Und ihr habt so viele schöne Wünsche dazu geschrieben:

Die Schüler, Eltern, Lehrer und Unterstützer der TGS Kaulsdorf haben durch verschiedenste Aktionen sowie zum Weihnachtsprogramm der Schule Gelder gesammelt. Diese Spende für Kinder, denen es nicht so gut geht, ist für uns Herzenssache.

Karola Kolbe:  Es ist mir ein Herzensanliegen, mich an dieser großartigen Spendenaktion zu beteiligen. Ich spende meine gesamte Prämie für mein 20-jähriges Betriebsjubiläum.
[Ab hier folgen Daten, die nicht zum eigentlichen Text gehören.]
(* f may change sign: ennreal truncates at 0, so the left-hand side is the mass of f\<^sup>+. *)
lemma nn_integral_layer_cake:
  fixes f :: "'a \<Rightarrow> real"
  assumes M: "sigma_finite_measure M" and A: "A \<in> sets M" and f: "set_borel_measurable M A f"
  shows "(\<integral>\<^sup>+x\<in>A. ennreal (f x) \<partial>M) = (\<integral>\<^sup>+t\<in>{0<..}. emeasure M {x\<in>A. t \<le> f x} \<partial>lborel)"
proof -
  interpret pair_sigma_finite M lborel
    using M by (intro pair_sigma_finite.intro sigma_finite_lborel)
  define g where "g = (\<lambda>x. indicator A x * f x)"
  have g[measurable]: "g \<in> borel_measurable M"
    using f by (simp add: g_def set_borel_measurable_def)
  define S where "S = {p \<in> space M \<times> UNIV. 0 < snd p \<and> snd p \<le> g (fst p)}"
  have S[measurable]: "S \<in> sets (M \<Otimes>\<^sub>M lborel)"
    unfolding S_def by measurable
  have "(\<integral>\<^sup>+x\<in>A. ennreal (f x) \<partial>M) = (\<integral>\<^sup>+x. ennreal (g x) \<partial>M)"
    by (intro nn_integral_cong) (auto simp: g_def indicator_def)
  also have "\<dots> = (\<integral>\<^sup>+x. (\<integral>\<^sup>+t. indicator S (x, t) \<partial>lborel) \<partial>M)"
  proof (intro nn_integral_cong)
    fix x assume "x \<in> space M"
    then have "indicator S (x, t) = (indicator {0<..g x} t :: ennreal)" for t
      by (auto simp: S_def indicator_def)
    then show "ennreal (g x) = (\<integral>\<^sup>+t. indicator S (x, t) \<partial>lborel)"
      by (cases "0 \<le> g x") (auto simp: ennreal_neg)
  qed
  also have "\<dots> = (\<integral>\<^sup>+t. (\<integral>\<^sup>+x. indicator S (x, t) \<partial>M) \<partial>lborel)"
    by (rule Fubini'[symmetric]) measurable
  also have "\<dots> = (\<integral>\<^sup>+t\<in>{0<..}. emeasure M {x\<in>A. t \<le> f x} \<partial>lborel)"
  proof (intro nn_integral_cong)
    fix t :: real
    have "{x\<in>A. t \<le> f x} \<in> sets M" if "0 < t"
    proof -
      have "{x\<in>A. t \<le> f x} = {x\<in>space M. t \<le> g x}"
        using sets.sets_into_space[OF A] that by (auto simp: g_def indicator_def)
      then show ?thesis by simp
    qed
    moreover have "indicator S (x, t) = (indicator {0<..} t * indicator {x\<in>A. t \<le> f x} x :: ennreal)" if "x \<in> space M" for x
      using that sets.sets_into_space[OF A] by (auto simp: S_def g_def indicator_def)
    ultimately show "(\<integral>\<^sup>+x. indicator S (x, t) \<partial>M) = emeasure M {x\<in>A. t \<le> f x} * indicator {0<..} t"
      by (cases "0 < t") (auto cong: nn_integral_cong)
  qed
  finally show ?thesis .
qed

lemma set_nn_integral_Ioc_has_integral:
  fixes f :: "real \<Rightarrow> real"
  assumes "(f has_integral I) {a..b}" "\<And>t. t \<in> {a..b} \<Longrightarrow> 0 \<le> f t"
  shows "(\<integral>\<^sup>+t\<in>{a<..b}. ennreal (f t) \<partial>lborel) = ennreal I"
proof -
  have "(\<integral>\<^sup>+t\<in>{a<..b}. ennreal (f t) \<partial>lborel) = (\<integral>\<^sup>+t\<in>{a..b}. ennreal (f t) \<partial>lborel)"
    using AE_lborel_singleton[of a] by (intro nn_integral_cong_AE) (auto elim!: eventually_mono simp: indicator_def)
  also have "\<dots> = ennreal I"
    by (rule nn_integral_has_integral_lebesgue'[OF assms(2) assms(1)])
  finally show ?thesis .
qed

lemma has_integral_power_linear:
  fixes \<alpha> \<beta> l u :: real
  assumes "\<alpha> \<noteq> 0" "l \<le> u"
  shows "((\<lambda>t. (\<alpha> * t + \<beta>) ^ n) has_integral
           ((\<alpha> * u + \<beta>) ^ Suc n - (\<alpha> * l + \<beta>) ^ Suc n) / (\<alpha> * Suc n)) {l..u}"
proof -
  define G where "G t = (\<alpha> * t + \<beta>) ^ Suc n / (\<alpha> * Suc n)" for t
  have "((\<lambda>t. (\<alpha> * t + \<beta>) ^ n) has_integral G u - G l) {l..u}"
  proof (rule fundamental_theorem_of_calculus[OF assms(2)])
    fix t assume "t \<in> {l..u}"
    have "((\<lambda>t. (\<alpha> * t + \<beta>) ^ Suc n) has_real_derivative (1 + real n) * (\<alpha> * (\<alpha> * t + \<beta>) ^ n))
        (at t within {l..u})"
      by (intro DERIV_power_Suc derivative_eq_intros) auto
    then have "(G has_real_derivative (\<alpha> * t + \<beta>) ^ n) (at t within {l..u})"
      unfolding G_def using assms(1) by (auto dest: DERIV_cdivide[where c = "\<alpha> * Suc n"])
    then show "(G has_vector_derivative (\<alpha> * t + \<beta>) ^ n) (at t within {l..u})"
      by (simp add: has_real_derivative_iff_has_vector_derivative)
  qed
  then show ?thesis by (simp add: G_def diff_divide_distrib)
qed

lemma set_integrable_pos_neg_parts:
  fixes f :: "'a \<Rightarrow> real"
  assumes "set_integrable M A f"
  shows "set_integrable M A (\<lambda>x. max 0 (f x))" and "set_integrable M A (\<lambda>x. max 0 (- f x))"
proof -
  have "indicator A x * max 0 (f x) = max 0 (indicator A x * f x)"
    and "indicator A x * max 0 (- f x) = max 0 (- (indicator A x * f x))" for x
    by (simp_all add: indicator_def)
  then show "set_integrable M A (\<lambda>x. max 0 (f x))" "set_integrable M A (\<lambda>x. max 0 (- f x))"
    using assms by (simp_all add: set_integrable_def)
qed
(* Let $\mathcal D\subseteq\mathcal C$ be a $\le$-amalgamation class. Let $A\in\mathcal D$ and let $U$ be a finite independent subset of $A$. Let $M$ be the maximal number of common predecessors in $A$ of a $q$-element subset of $U$, and let $N\ge M$ be such that $\mathcal T_N\in\mathcal D$. Then there is $B\in\mathcal D$ with $A\le B$ such that every $q$-element subset of $U$ has at least $N$ common predecessors in $B$.
   Context: Fix an integer $q\ge2$; $T=T_q$ is the digraph whose vertices are finite sequences over $\{0,\ldots,q-1\}$ with edges $(\bar w,\bar wi)$. Subdigraphs are induced. For a digraph, an $s$-arc ($s\ge0$) from $u_0$ to $u_s$ is a sequence $u_0\ldots u_s$ with each $(u_i,u_{i+1})$ an edge and $u_{i-1}\ne u_{i+1}$ for $0<i<s$; ${\rm desc}^s(u)$ is the set of endpoints of $s$-arcs from $u$, ${\rm desc}(u)=\bigcup_{s\ge0}{\rm desc}^s(u)$, ${\rm desc}(Y)=\bigcup_{y\in Y}{\rm desc}(y)$. $A\le B$ means $A$ is a subdigraph of $B$ with ${\rm desc}_B(a)\subseteq A$ for all $a\in A$ (descendant-closed); a descendant-closed set is finitely generated if it is ${\rm desc}(Z)$ for finite $Z$. A $\le$-embedding is an embedding $f:A\to B$ with $f(A)\le B$; $\le$-embeddings $f_i:A\to B_i$ are isomorphic if $f_2=h\circ f_1$ for an isomorphism $h:B_1\to B_2$. A subset is independent if descendant sets of distinct members are disjoint. A common predecessor of a set $X$ is a vertex $a$ with $(a,x)$ an edge for all $x\in X$. $\mathcal C$ is the class of digraphs $A$ with ${\rm desc}(a)\cong T$ for all $a\in A$, $A$ finitely generated, and ${\rm desc}(a)\cap{\rm desc}(b)$ finitely generated for all $a,b\in A$. For $n\ge1$, $\mathcal T_n$ is the member of $\mathcal C$ generated by $n$ vertices $x_1,\ldots,x_n$ with ${\rm desc}^1(x_i)={\rm desc}^1(x_j)$ for all $i,j$ ($\mathcal T_1=T$). A $\le$-amalgamation class is a class $\mathcal D$ of digraphs which (1) consists of countable finitely generated digraphs, is closed under isomorphism and has countably many isomorphism types; (2) is closed under finitely generated descendant-closed subdigraphs; (3) has the $\le$-amalgamation property: for $A,B_1,B_2\in\mathcal D$ and $\le$-embeddings $f_i:A\to B_i$ there are $C\in\mathcal D$ and $\le$-embeddings $g_i:B_i\to C$ with $g_1\circ f_1=g_2\circ f_2$; (4) for all $A,B\in\mathcal D$ has only countably many isomorphism types of $\le$-embeddings $A\to B$. *)

theory Defs
  imports Main "HOL-Library.Countable_Set"
begin

type_synonym 'a digraph = "'a set \<times> ('a \<times> 'a) set"

definition verts :: "'a digraph \<Rightarrow> 'a set" where "verts G = fst G"
definition edges :: "'a digraph \<Rightarrow> ('a \<times> 'a) set" where "edges G = snd G"

definition wf_digraph :: "'a digraph \<Rightarrow> bool" where
  "wf_digraph G \<longleftrightarrow> edges G \<subseteq> verts G \<times> verts G"

definition induced :: "'a digraph \<Rightarrow> 'a set \<Rightarrow> 'a digraph" where
  "induced G X = (X, edges G \<inter> (X \<times> X))"

definition iso_map :: "'a digraph \<Rightarrow> 'b digraph \<Rightarrow> ('a \<Rightarrow> 'b) \<Rightarrow> bool" where
  "iso_map G H h \<longleftrightarrow> bij_betw h (verts G) (verts H) \<and>
     (\<forall>x\<in>verts G. \<forall>y\<in>verts G. (x, y) \<in> edges G \<longleftrightarrow> (h x, h y) \<in> edges H)"

definition isomorphic :: "'a digraph \<Rightarrow> 'b digraph \<Rightarrow> bool" where
  "isomorphic G H \<longleftrightarrow> (\<exists>h. iso_map G H h)"

text \<open>An s-arc u_0 ... u_s is a list of length s+1.\<close>
definition is_arc :: "'a digraph \<Rightarrow> 'a list \<Rightarrow> bool" where
  "is_arc G xs \<longleftrightarrow> xs \<noteq> [] \<and> set xs \<subseteq> verts G \<and>
     (\<forall>i. i + 1 < length xs \<longrightarrow> (xs ! i, xs ! (i + 1)) \<in> edges G) \<and>
     (\<forall>i. 0 < i \<and> i + 1 < length xs \<longrightarrow> xs ! (i - 1) \<noteq> xs ! (i + 1))"

definition desc_n :: "'a digraph \<Rightarrow> nat \<Rightarrow> 'a \<Rightarrow> 'a set" where
  "desc_n G s u = {last xs | xs. is_arc G xs \<and> hd xs = u \<and> length xs = Suc s}"

definition desc :: "'a digraph \<Rightarrow> 'a \<Rightarrow> 'a set" where
  "desc G u = (\<Union>s. desc_n G s u)"

definition desc_set :: "'a digraph \<Rightarrow> 'a set \<Rightarrow> 'a set" where
  "desc_set G Y = (\<Union>y\<in>Y. desc G y)"

definition desc_closed :: "'a digraph \<Rightarrow> 'a set \<Rightarrow> bool" where
  "desc_closed G X \<longleftrightarrow> X \<subseteq> verts G \<and> (\<forall>x\<in>X. desc G x \<subseteq> X)"

definition le_sub :: "'a digraph \<Rightarrow> 'a digraph \<Rightarrow> bool" where
  "le_sub A B \<longleftrightarrow> verts A \<subseteq> verts B \<and> edges A = edges B \<inter> (verts A \<times> verts A) \<and>
     (\<forall>a\<in>verts A. desc B a \<subseteq> verts A)"

definition fin_generated :: "'a digraph \<Rightarrow> bool" where
  "fin_generated G \<longleftrightarrow> (\<exists>Z. finite Z \<and> Z \<subseteq> verts G \<and> desc_set G Z = verts G)"
(* Let $P$ be a $\sigma$-liminf-centered poset. Then $P$ does not add a dominating real. In fact, $P$ preserves unboundedness of all subsets of $\omega^\omega$: if $F\subset\omega^\omega$ is unbounded in the modulo-finite domination order, then $P$ forces that $F$ remains unbounded.
   Context: For a poset $P$, a set $A\subset P$ is liminf centered if for every sequence $\langle p_i\colon i\in\omega\rangle$ of elements of $A$ there is $q\in P$ such that for every $r\leq q$ the set $\{i\in\omega\colon p_i$ is compatible with $r\}$ is infinite. $P$ is $\sigma$-liminf-centered if it is a countable union of liminf centered sets. A dominating real is an element of $\omega^\omega$ in the extension dominating modulo finite every ground model element of $\omega^\omega$. *)

theory Defs
  imports Main
begin

text \<open>A forcing poset is given by a carrier set P and an order le (le q p: q is stronger than p).\<close>

definition is_poset :: "'a set \<Rightarrow> ('a \<Rightarrow> 'a \<Rightarrow> bool) \<Rightarrow> bool" where
  "is_poset P le \<longleftrightarrow> (\<forall>p\<in>P. le p p)
     \<and> (\<forall>p\<in>P. \<forall>q\<in>P. \<forall>r\<in>P. le p q \<longrightarrow> le q r \<longrightarrow> le p r)
     \<and> (\<forall>p\<in>P. \<forall>q\<in>P. le p q \<longrightarrow> le q p \<longrightarrow> p = q)"

definition compat :: "'a set \<Rightarrow> ('a \<Rightarrow> 'a \<Rightarrow> bool) \<Rightarrow> 'a \<Rightarrow> 'a \<Rightarrow> bool" where
  "compat P le p q \<longleftrightarrow> (\<exists>s\<in>P. le s p \<and> le s q)"

definition liminf_centered :: "'a set \<Rightarrow> ('a \<Rightarrow> 'a \<Rightarrow> bool) \<Rightarrow> 'a set \<Rightarrow> bool" where
  "liminf_centered P le A \<longleftrightarrow> A \<subseteq> P \<and>
     (\<forall>ps :: nat \<Rightarrow> 'a. (\<forall>i. ps i \<in> A) \<longrightarrow>
        (\<exists>q\<in>P. \<forall>r\<in>P. le r q \<longrightarrow> infinite {i. compat P le (ps i) r}))"

definition sigma_liminf_centered :: "'a set \<Rightarrow> ('a \<Rightarrow> 'a \<Rightarrow> bool) \<Rightarrow> bool" where
  "sigma_liminf_centered P le \<longleftrightarrow>
     (\<exists>C :: nat \<Rightarrow> 'a set. P = (\<Union>i. C i) \<and> (\<forall>i. liminf_centered P le (C i)))"

definition unbounded :: "(nat \<Rightarrow> nat) set \<Rightarrow> bool" where
  "unbounded F \<longleftrightarrow> \<not> (\<exists>g :: nat \<Rightarrow> nat. \<forall>f\<in>F. \<exists>k. \<forall>n\<ge>k. f n \<le> g n)"

text \<open>A P-name for an element of omega^omega, coded by its decision sets:
  D n m is a set of conditions each forcing "x(n) = m". Every name for a real yields such a D (take D n m to be the
  set of conditions forcing x(n) = m), and every such D is realised by a name
  (the name whose value at n is m iff the generic meets D n m).\<close>

definition real_name :: "'a set \<Rightarrow> ('a \<Rightarrow> 'a \<Rightarrow> bool) \<Rightarrow> (nat \<Rightarrow> nat \<Rightarrow> 'a set) \<Rightarrow> bool" where
  "real_name P le D \<longleftrightarrow> (\<forall>n m. D n m \<subseteq> P)
     \<and> (\<forall>n m m' p q. p \<in> D n m \<longrightarrow> q \<in> D n m' \<longrightarrow> m \<noteq> m' \<longrightarrow> \<not> compat P le p q)
     \<and> (\<forall>n. \<forall>p\<in>P. \<exists>q\<in>P. le q p \<and> (\<exists>m. q \<in> D n m))"

text \<open>q forces "there are infinitely many n with f(n) > x(n)", i.e. q forces that
  f is not dominated by the real named by D.\<close>

definition forces_not_dominated ::
  "'a set \<Rightarrow> ('a \<Rightarrow> 'a \<Rightarrow> bool) \<Rightarrow> (nat \<Rightarrow> nat \<Rightarrow> 'a set) \<Rightarrow> 'a \<Rightarrow> (nat \<Rightarrow> nat) \<Rightarrow> bool" where
  "forces_not_dominated P le D q f \<longleftrightarrow>
     (\<forall>k. \<forall>r\<in>P. le r q \<longrightarrow> (\<exists>s\<in>P. le s r \<and> (\<exists>n\<ge>k. \<exists>m<f n. s \<in> D n m)))"

text \<open>P forces "F is unbounded": for every name x for a real, densely many
  conditions force that some f in F is not dominated by x.\<close>

definition preserves_unbounded :: "'a set \<Rightarrow> ('a \<Rightarrow> 'a \<Rightarrow> bool) \<Rightarrow> (nat \<Rightarrow> nat) set \<Rightarrow> bool" where
  "preserves_unbounded P le F \<longleftrightarrow>
     (\<forall>D. real_name P le D \<longrightarrow>
        (\<forall>p\<in>P. \<exists>q\<in>P. le q p \<and> (\<exists>f\<in>F. forces_not_dominated P le D q f)))"

text \<open>q forces "f \<le>* x": some k such that q forces x(n) \<ge> f(n) for all n \<ge> k.\<close>

definition forces_dominated ::
  "'a set \<Rightarrow> ('a \<Rightarrow> 'a \<Rightarrow> bool) \<Rightarrow> (nat \<Rightarrow> nat \<Rightarrow> 'a set) \<Rightarrow> 'a \<Rightarrow> (nat \<Rightarrow> nat) \<Rightarrow> bool" where
  "forces_dominated P le D q f \<longleftrightarrow>
     (\<exists>k. \<forall>n\<ge>k. \<forall>s\<in>P. le s q \<longrightarrow> (\<forall>m. s \<in> D n m \<longrightarrow> f n \<le> m))"

text \<open>P adds a dominating real: some condition p forces that the real named by D
  dominates every ground-model real (p forces phi iff densely many below p force phi).\<close>

definition adds_dominating_real :: "'a set \<Rightarrow> ('a \<Rightarrow> 'a \<Rightarrow> bool) \<Rightarrow> bool" where
  "adds_dominating_real P le \<longleftrightarrow>
     (\<exists>D. real_name P le D \<and>
        (\<exists>p\<in>P. \<forall>f :: nat \<Rightarrow> nat. \<forall>r\<in>P. le r p \<longrightarrow>
            (\<exists>q\<in>P. le q r \<and> forces_dominated P le D q f)))"

end

theory Submission
  imports Defs
begin

text \<open>Let x be the real named by D. If a liminf-centered set A contained, for every M, a
  condition p_M forcing x(n) \<ge> M, then a condition q witnessing liminf-centeredness of the
  sequence (p_M) could be extended to decide x(n) = m0 and would still be compatible with some
  p_M with M > m0, which is absurd. Hence every liminf-centered set A yields a ground model real
  h_A with f <* h_A whenever a condition of A forces f \<le>* x. A single ground model real g
  eventually dominating the countably many h_A then dominates every f that some condition forces
  below x, so every condition forces that an f in F not dominated by g is not dominated by x.\<close>

definition forces_ge :: "'a set \<Rightarrow> ('a \<Rightarrow> 'a \<Rightarrow> bool) \<Rightarrow> (nat \<Rightarrow> nat \<Rightarrow> 'a set) \<Rightarrow> 'a \<Rightarrow> nat \<Rightarrow> nat \<Rightarrow> bool"
  where "forces_ge P le D r n M \<longleftrightarrow> (\<forall>s\<in>P. le s r \<longrightarrow> (\<forall>m. s \<in> D n m \<longrightarrow> M \<le> m))"

lemma forces_dominated_iff:
  "forces_dominated P le D q f \<longleftrightarrow> (\<exists>k. \<forall>n\<ge>k. forces_ge P le D q n (f n))"
  by (simp add: forces_dominated_def forces_ge_def)

lemma forces_ge_antimono:
  "forces_ge P le D r n M \<Longrightarrow> M' \<le> M \<Longrightarrow> forces_ge P le D r n M'"
  unfolding forces_ge_def by (meson le_trans)

lemma liminf_centered_not_forces_ge:
  assumes po: "is_poset P le" and lc: "liminf_centered P le A" and rn: "real_name P le D"
  shows "\<exists>M. \<forall>r\<in>A. \<not> forces_ge P le D r n M"
proof (rule ccontr)
  assume "\<not> ?thesis"
  then obtain ps where ps: "\<And>M. ps M \<in> A" "\<And>M. forces_ge P le D (ps M) n M"
    by metis
  have transP: "\<And>a b c. a \<in> P \<Longrightarrow> b \<in> P \<Longrightarrow> c \<in> P \<Longrightarrow> le a b \<Longrightarrow> le b c \<Longrightarrow> le a c"
    and reflP: "\<And>a. a \<in> P \<Longrightarrow> le a a"
    using po unfolding is_poset_def by blast+
  have psP: "ps M \<in> P" for M
    using lc ps(1) unfolding liminf_centered_def by blast
  obtain q where "q \<in> P" and q: "\<forall>r\<in>P. le r q \<longrightarrow> infinite {i. compat P le (ps i) r}"
    using lc ps(1) unfolding liminf_centered_def by blast
  obtain s m0 where s: "s \<in> P" "le s q" "s \<in> D n m0"
    using rn \<open>q \<in> P\<close> unfolding real_name_def by blast
  have "infinite {i. compat P le (ps i) s}"
    using q s by blast
  then obtain M where "M > m0" and "compat P le (ps M) s"
    unfolding finite_nat_set_iff_bounded_le by (metis mem_Collect_eq not_le)
  then obtain t where t: "t \<in> P" "le t (ps M)" "le t s"
    unfolding compat_def by blast
  obtain t' m' where t': "t' \<in> P" "le t' t" "t' \<in> D n m'"
    using rn t(1) unfolding real_name_def by blast
  have "compat P le s t'"
    unfolding compat_def using t t' s(1) transP reflP by blast
  then have "m' = m0"
    using rn s(3) t'(3) unfolding real_name_def by metis
  moreover have "M \<le> m'"
    using ps(2)[of M] t t' psP transP unfolding forces_ge_def by blast
  ultimately show False
    using \<open>M > m0\<close> by simp
qed

lemma liminf_centered_forced_dominated_bounded:
  assumes "is_poset P le" and "liminf_centered P le A" and "real_name P le D"
  shows "\<exists>h. \<forall>r\<in>A. \<forall>f. forces_dominated P le D r f \<longrightarrow> (\<exists>k. \<forall>n\<ge>k. f n < h n)"
proof -
  obtain h where h: "\<And>n. \<forall>r\<in>A. \<not> forces_ge P le D r n (h n)"
    using liminf_centered_not_forces_ge[OF assms] by metis
  have "\<exists>k. \<forall>n\<ge>k. f n < h n" if "r \<in> A" and "forces_dominated P le D r f" for r f
  proof -
    obtain k where k: "\<forall>n\<ge>k. forces_ge P le D r n (f n)"
      using \<open>forces_dominated P le D r f\<close> unfolding forces_dominated_iff by blast
    have "f n < h n" if "n \<ge> k" for n
      using h \<open>r \<in> A\<close> k that forces_ge_antimono not_less by metis
    then show ?thesis by blast
  qed
  then show ?thesis by blast
qed

lemma diagonal_dominates:
  fixes h :: "nat \<Rightarrow> nat \<Rightarrow> nat"
  shows "\<exists>g. \<forall>i n. i \<le> n \<longrightarrow> h i n \<le> g n"
proof -
  have "h i n \<le> (\<Sum>j\<le>n. h j n)" if "i \<le> n" for i n
    using that by (intro member_le_sum) auto
  then show ?thesis
    by (intro exI[of _ "\<lambda>n. \<Sum>j\<le>n. h j n"]) blast
qed

lemma sigma_liminf_centered_forced_dominated_bounded:
  assumes po: "is_poset P le" and sl: "sigma_liminf_centered P le" and rn: "real_name P le D"
  shows "\<exists>g. \<forall>r\<in>P. \<forall>f. forces_dominated P le D r f \<longrightarrow> (\<exists>k. \<forall>n\<ge>k. f n \<le> g n)"
proof -
  obtain C :: "nat \<Rightarrow> 'a set" where C: "P = (\<Union>i. C i)" "\<And>i. liminf_centered P le (C i)"
    using sl unfolding sigma_liminf_centered_def by blast
  obtain h where h: "\<And>i. \<forall>r\<in>C i. \<forall>f. forces_dominated P le D r f \<longrightarrow> (\<exists>k. \<forall>n\<ge>k. f n < h i n)"
    using liminf_centered_forced_dominated_bounded[OF po C(2) rn] by metis
  obtain g where g: "\<And>i n. i \<le> n \<Longrightarrow> h i n \<le> g n"
    using diagonal_dominates by blast
  have "\<exists>k. \<forall>n\<ge>k. f n \<le> g n" if "r \<in> P" and "forces_dominated P le D r f" for r f
  proof -
    obtain i where "r \<in> C i"
      using \<open>r \<in> P\<close> C(1) by blast
    then obtain k where k: "\<forall>n\<ge>k. f n < h i n"
      using h \<open>forces_dominated P le D r f\<close> by blast
    have "f n \<le> g n" if "n \<ge> max k i" for n
    proof -
      have "f n < h i n"
        using k that by simp
      also have "h i n \<le> g n"
        using g that by simp
      finally show ?thesis by simp
    qed
    then show ?thesis by blast
  qed
  then show ?thesis by blast
qed

lemma forces_dominated_below_if_not_forces_not_dominated:
  assumes "\<not> forces_not_dominated P le D p f"
  shows "\<exists>r\<in>P. le r p \<and> forces_dominated P le D r f"
  using assms unfolding forces_not_dominated_def forces_dominated_def by (meson not_le)

lemma forces_not_dominated_imp_not_forces_dominated:
  assumes "forces_not_dominated P le D q f" and "q' \<in> P" and "le q' q"
  shows "\<not> forces_dominated P le D q' f"
  using assms unfolding forces_not_dominated_def forces_dominated_def by (meson not_le)

lemma sigma_liminf_centered_preserves_unbounded:
  assumes po: "is_poset P le" and sl: "sigma_liminf_centered P le" and "unbounded F"
  shows "preserves_unbounded P le F"
  unfolding preserves_unbounded_def
proof (intro allI impI ballI)
  fix D p
  assume rn: "real_name P le D" and "p \<in> P"
  obtain g where g: "\<forall>r\<in>P. \<forall>f. forces_dominated P le D r f \<longrightarrow> (\<exists>k. \<forall>n\<ge>k. f n \<le> g n)"
    using sigma_liminf_centered_forced_dominated_bounded[OF po sl rn] by blast
  have "\<not> (\<forall>f\<in>F. \<exists>k. \<forall>n\<ge>k. f n \<le> g n)"
    using \<open>unbounded F\<close> unfolding unbounded_def by blast
  then obtain f where "f \<in> F" and undominated: "\<not> (\<exists>k. \<forall>n\<ge>k. f n \<le> g n)"
    by blast
  have "forces_not_dominated P le D p f"
  proof (rule ccontr)
    assume "\<not> forces_not_dominated P le D p f"
    then obtain r where "r \<in> P" "forces_dominated P le D r f"
      using forces_dominated_below_if_not_forces_not_dominated[of P le D p f] by blast
    with g have "\<exists>k. \<forall>n\<ge>k. f n \<le> g n"
      by blast
    with undominated show False ..
  qed
  moreover have "le p p"
    using po \<open>p \<in> P\<close> unfolding is_poset_def by blast
  ultimately show "\<exists>q\<in>P. le q p \<and> (\<exists>f\<in>F. forces_not_dominated P le D q f)"
    using \<open>p \<in> P\<close> \<open>f \<in> F\<close> by blast
qed

lemma unbounded_UNIV: "unbounded (UNIV :: (nat \<Rightarrow> nat) set)"
  unfolding unbounded_def
proof
  assume "\<exists>g :: nat \<Rightarrow> nat. \<forall>f\<in>UNIV. \<exists>k. \<forall>n\<ge>k. f n \<le> g n"
  then obtain g :: "nat \<Rightarrow> nat" where "\<forall>f. \<exists>k. \<forall>n\<ge>k. f n \<le> g n"
    by blast
  then have "\<exists>k. \<forall>n\<ge>k. (\<lambda>n. Suc (g n)) n \<le> g n"
    by (rule spec)
  then show False by auto
qed

lemma not_adds_dominating_real_if_preserves_unbounded:
  assumes "preserves_unbounded P le UNIV"
  shows "\<not> adds_dominating_real P le"
proof
  assume "adds_dominating_real P le"
  then obtain D p where rn: "real_name P le D" and "p \<in> P"
    and dom: "\<forall>f. \<forall>r\<in>P. le r p \<longrightarrow> (\<exists>q\<in>P. le q r \<and> forces_dominated P le D q f)"
    unfolding adds_dominating_real_def by blast
  obtain q f where "q \<in> P" "le q p" and "forces_not_dominated P le D q f"
    using assms rn \<open>p \<in> P\<close> unfolding preserves_unbounded_def by blast
  moreover obtain q' where "q' \<in> P" "le q' q" "forces_dominated P le D q' f"
    using dom \<open>q \<in> P\<close> \<open>le q p\<close> by blast
  ultimately show False
    using forces_not_dominated_imp_not_forces_dominated[of P le D q f q'] by blast
qed

theorem theorem3p8:
  fixes P :: "'a set" and le :: "'a \<Rightarrow> 'a \<Rightarrow> bool"
  assumes "is_poset P le"
    and "sigma_liminf_centered P le"
  shows "\<not> adds_dominating_real P le
     \<and> (\<forall>F :: (nat \<Rightarrow> nat) set. unbounded F \<longrightarrow> preserves_unbounded P le F)"
proof
  show preserves: "\<forall>F :: (nat \<Rightarrow> nat) set. unbounded F \<longrightarrow> preserves_unbounded P le F"
    using sigma_liminf_centered_preserves_unbounded[OF assms] by blast
  show "\<not> adds_dominating_real P le"
    using preserves unbounded_UNIV by (intro not_adds_dominating_real_if_preserves_unbounded) blast
qed

end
Ich wünsche allen Kindern, Eltern und Mitarbeitern ein wunderschönes Weihnachtsfest.

Cornelia Kupfer: Wir wünschen allen Kinder eine wundervolle Weihnachtszeit und alles erdenklich Gute verbunden mit viel Gesundheit. Fam. Kupfer aus Zella-Mehlis.

Im Kinderhospiz wünsche ich allen Eltern ein paar erholsame Stunden, in denen sie für kurze Zeit neben ihren Kindern auch einmal an sich denken dürfen. Ein wertvolle Einrichtung, die unbedingt erhalten werden muss. Fröhliche Weihnachten!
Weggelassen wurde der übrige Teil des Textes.